_Exercise description_
Keep only the lines that hold the string "with", filtering out the rest of the entries below.

(Dataset entries)

text \<open>After renaming vertices the graph is the path \<open>0, \<dots>, n - 1\<close> in which the \<open>p\<close> consecutive
  vertices \<open>K = {lo..hi}\<close> form a clique. Its Laplacian form splits into the clique part
  \<open>p \<Sum>\<^sub>K x\<^sub>i\<^sup>2 - (\<Sum>\<^sub>K x\<^sub>i)\<^sup>2\<close> plus the form of the remaining path edges, which equals
  \<open>2 \<Sum> deg(i) x\<^sub>i\<^sup>2\<close> minus the sum of \<open>(x\<^sub>i + x\<^sub>j)\<^sup>2\<close> over those edges; their degrees are at most 2,
  at most 1 on \<open>K\<close> and 0 strictly inside \<open>K\<close>. Courant-Fischer with suitable test subspaces then
  gives \<open>\<lambda>\<^sub>p\<^sub>-\<^sub>1 \<ge> p\<close> (vectors on \<open>K\<close> with zero sum), \<open>\<lambda>\<^sub>3 \<le> p\<close> (vectors vanishing at both ends
  of \<open>K\<close>), \<open>\<lambda>\<^sub>1 \<le> p + 2\<close> (all vectors), \<open>\<lambda>\<^sub>p < 4\<close> (vectors constant on \<open>K\<close>) and
  \<open>\<lambda>\<^sub>n\<^sub>-\<^sub>1 > 0\<close> (connectivity). As the test vector \<open>e\<^sub>0 - e\<^sub>1\<close> gives \<open>\<lambda>\<^sub>1 \<ge> 5/2\<close> for a path
  on at least three vertices, the bound \<open>min (\<lambda>\<^sub>1(L\<^sub>C\<^sub>q) + 2) p\<close> exceeds 4.\<close>

lemma real_symmetric_mat_complex_eigenvalue_real:
  fixes A :: "real mat"
  assumes A: "A \<in> carrier_mat n n" and sym: "transpose_mat A = A"
    and z: "z \<in> carrier_vec n" "z \<noteq> 0\<^sub>v n" "map_mat complex_of_real A *\<^sub>v z = a \<cdot>\<^sub>v z"
  shows "Im a = 0"
proof -
  have Az: "(\<Sum>j<n. complex_of_real (A $$ (i,j)) * z $ j) = a * z $ i" if i: "i < n" for i
  proof -
    have "(map_mat complex_of_real A *\<^sub>v z) $ i = (\<Sum>j<n. complex_of_real (A $$ (i,j)) * z $ j)"
      using i A z(1) by (auto simp: mult_mat_vec_def scalar_prod_def lessThan_atLeast0 intro!: sum.cong)
    then show ?thesis using z(3) i z(1) by simp
  qed
  define s where "s = (\<Sum>i<n. cnj (z $ i) * (\<Sum>j<n. complex_of_real (A $$ (i,j)) * z $ j))"
  define N where "N = (\<Sum>i<n. (cmod (z $ i))\<^sup>2)"
  have s_eigen: "s = a * complex_of_real N"
  proof -
    have "s = (\<Sum>i<n. a * (cnj (z $ i) * z $ i))" unfolding s_def
      by (rule sum.cong, simp, subst Az, auto simp: algebra_simps)
    also have "\<dots> = a * (\<Sum>i<n. cnj (z $ i) * z $ i)" by (simp add: sum_distrib_left)
    also have "(\<Sum>i<n. cnj (z $ i) * z $ i) = complex_of_real N" unfolding N_def of_real_sum
      by (rule sum.cong, simp, insert complex_norm_square, force)
    finally show ?thesis .
  qed
  have symA: "A $$ (i,j) = A $$ (j,i)" if "i < n" "j < n" for i j
    using sym that A by (metis carrier_matD(1) carrier_matD(2) index_transpose_mat(1))
  have s_real: "cnj s = s"
  proof -
    have "cnj s = (\<Sum>i<n. \<Sum>j<n. z $ i * complex_of_real (A $$ (i,j)) * cnj (z $ j))"
      unfolding s_def by (simp add: sum_distrib_left algebra_simps)
    also have "\<dots> = (\<Sum>j<n. \<Sum>i<n. z $ i * complex_of_real (A $$ (i,j)) * cnj (z $ j))"
      by (rule sum.swap)
    also have "\<dots> = s" unfolding s_def sum_distrib_left
      by (intro sum.cong refl, subst symA, auto simp: algebra_simps)
    finally show ?thesis .
  qed
  have N_pos: "N > 0"
  proof -
    obtain i where i: "i < n" "z $ i \<noteq> 0" using z by (metis carrier_vecD eq_vecI index_zero_vec)
    have "(cmod (z $ i))\<^sup>2 \<le> N" unfolding N_def by (rule member_le_sum) (use i in auto)
    moreover have "(cmod (z $ i))\<^sup>2 > 0" using i by simp
    ultimately show ?thesis by linarith
  qed
  have "Im a * N = 0" using arg_cong[OF s_real, of Im] s_eigen by simp
  then show ?thesis using N_pos by simp
qed

lemma real_symmetric_mat_eigenvector:
  fixes A :: "real mat"
  assumes A: "A \<in> carrier_mat n n" and sym: "transpose_mat A = A" and n: "0 < n"
  obtains e v where "v \<in> carrier_vec n" "v \<noteq> 0\<^sub>v n" "A *\<^sub>v v = e \<cdot>\<^sub>v v"
proof -
  define Ac where "Ac = map_mat complex_of_real A"
  have Ac: "Ac \<in> carrier_mat n n" using A unfolding Ac_def by auto
  obtain as where as: "char_poly Ac = (\<Prod>a\<leftarrow>as. [:- a, 1:])" "length as = n"
    using char_poly_factorized[OF Ac] by blast
  then obtain a as' where "as = a # as'" using n by (cases as) auto
  then have "eigenvalue Ac a" using eigenvalue_root_char_poly[OF Ac] as(1) by simp
  then obtain z where "eigenvector Ac z a" unfolding eigenvalue_def by blast
  then have z: "z \<in> carrier_vec n" "z \<noteq> 0\<^sub>v n" "Ac *\<^sub>v z = a \<cdot>\<^sub>v z"
    unfolding eigenvector_def using Ac by auto
  have a_real: "Im a = 0"
    using real_symmetric_mat_complex_eigenvalue_real[OF A sym z[unfolded Ac_def]] .
  define vr where "vr = vec n (\<lambda>i. Re (z $ i))"
  define vi where "vi = vec n (\<lambda>i. Im (z $ i))"
  have parts: "(\<Sum>j<n. A $$ (i,j) * f (z $ j)) = Re a * f (z $ i)"
    if i: "i < n" and f: "f = Re \<or> f = Im" for i f
  proof -
    have "(Ac *\<^sub>v z) $ i = (\<Sum>j<n. complex_of_real (A $$ (i,j)) * z $ j)"
      using i A z(1) unfolding Ac_def
      by (auto simp: mult_mat_vec_def scalar_prod_def lessThan_atLeast0 intro!: sum.cong)
    then have "(\<Sum>j<n. complex_of_real (A $$ (i,j)) * z $ j) = a * z $ i" using z(3) i z(1) by simp
    from arg_cong[OF this, of f] show ?thesis using f a_real by (auto simp: Re_sum Im_sum)
  qed
  have "A *\<^sub>v vr = Re a \<cdot>\<^sub>v vr" "A *\<^sub>v vi = Re a \<cdot>\<^sub>v vi"
    using A parts by (auto intro!: eq_vecI simp: vr_def vi_def mult_mat_vec_def scalar_prod_def lessThan_atLeast0)
  moreover have "vr \<noteq> 0\<^sub>v n \<or> vi \<noteq> 0\<^sub>v n"
  proof (rule ccontr)
    assume "\<not> ?thesis"
    then have "Re (z $ i) = 0 \<and> Im (z $ i) = 0" if "i < n" for i
      using that by (metis vr_def vi_def index_vec index_zero_vec(1))
    then have "z = 0\<^sub>v n" using z(1) by (auto intro!: eq_vecI simp: complex_eq_iff)
    then show False using z(2) by simp
  qed
  moreover have "vr \<in> carrier_vec n" "vi \<in> carrier_vec n" by (auto simp: vr_def vi_def)
  ultimately show ?thesis using that by blast
qed

definition householder :: "nat \<Rightarrow> real vec \<Rightarrow> real mat" where
  "householder n w = mat n n (\<lambda>(i,j). (if i = j then 1 else 0) - 2 / (w \<bullet> w) * w $ i * w $ j)"

lemma householder_dim [simp]: "dim_row (householder n w) = n" "dim_col (householder n w) = n"
  unfolding householder_def by simp_all

lemma householder_carrier [simp]: "householder n w \<in> carrier_mat n n"
  by (simp add: carrier_matI)

lemma householder_symmetric: "transpose_mat (householder n w) = householder n w"
  unfolding householder_def by (rule eq_matI) auto

lemma householder_involution:
  assumes w: "w \<in> carrier_vec n" "w \<noteq> 0\<^sub>v n"
  shows "householder n w * householder n w = 1\<^sub>m n"
proof (rule eq_matI)
  fix i k assume "i < dim_row (1\<^sub>m n :: real mat)" and "k < dim_col (1\<^sub>m n :: real mat)"
  then have i: "i < n" and k: "k < n" by auto
  define c where "c = 2 / (w \<bullet> w)"
  define s where "s = (\<Sum>j<n. w $ j * w $ j)"
  have "s = w \<bullet> w" using w by (simp add: s_def scalar_prod_def lessThan_atLeast0)
  then have cs: "c * c * s = 2 * c"
    using conjugate_square_greater_0_vec[OF w(1)] w(2) by (simp add: c_def field_simps)
  have delta: "(\<Sum>j<n. (if l = j then 1 else 0) * f j) = (f l :: real)" if "l < n" for l f
    using that by (simp add: if_distrib[of "\<lambda>c. c * _"] cong: if_cong)
  have "(householder n w * householder n w) $$ (i,k)
      = (\<Sum>j<n. ((if i = j then 1 else 0) - c * w $ i * w $ j) * ((if j = k then 1 else 0) - c * w $ j * w $ k))"
    using i k by (auto simp: householder_def c_def scalar_prod_def lessThan_atLeast0 intro!: sum.cong)
  also have "\<dots> = (\<Sum>j<n. (if i = j then 1 else 0) * (if k = j then 1 else 0)
      - c * w $ k * ((if i = j then 1 else 0) * w $ j) - c * w $ i * ((if k = j then 1 else 0) * w $ j)
      + c * c * w $ i * w $ k * (w $ j * w $ j))"
    by (rule sum.cong) (auto simp: algebra_simps)
  also have "\<dots> = (\<Sum>j<n. (if i = j then 1 else 0) * (if k = j then 1 else 0))
      - c * w $ k * (\<Sum>j<n. (if i = j then 1 else 0) * w $ j)
      - c * w $ i * (\<Sum>j<n. (if k = j then 1 else 0) * w $ j) + c * c * w $ i * w $ k * s"
    unfolding s_def by (simp only: sum.distrib sum_subtractf sum_distrib_left)
  also have "\<dots> = (if i = k then 1 else 0) - c * w $ k * w $ i - c * w $ i * w $ k + c * c * s * w $ i * w $ k"
    using i k by (simp add: delta)
  also have "\<dots> = (if i = k then 1 else 0)"
    unfolding cs by (simp add: algebra_simps)
  finally show "(householder n w * householder n w) $$ (i,k) = 1\<^sub>m n $$ (i,k)" using i k by simp
qed (auto simp: householder_def)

_Output for this exercise_
  at most 1 on \<open>K\<close> and 0 strictly inside \<open>K\<close>. Courant-Fischer with suitable test subspaces then
  gives \<open>\<lambda>\<^sub>p\<^sub>-\<^sub>1 \<ge> p\<close> (vectors on \<open>K\<close> with zero sum), \<open>\<lambda>\<^sub>3 \<le> p\<close> (vectors vanishing at both ends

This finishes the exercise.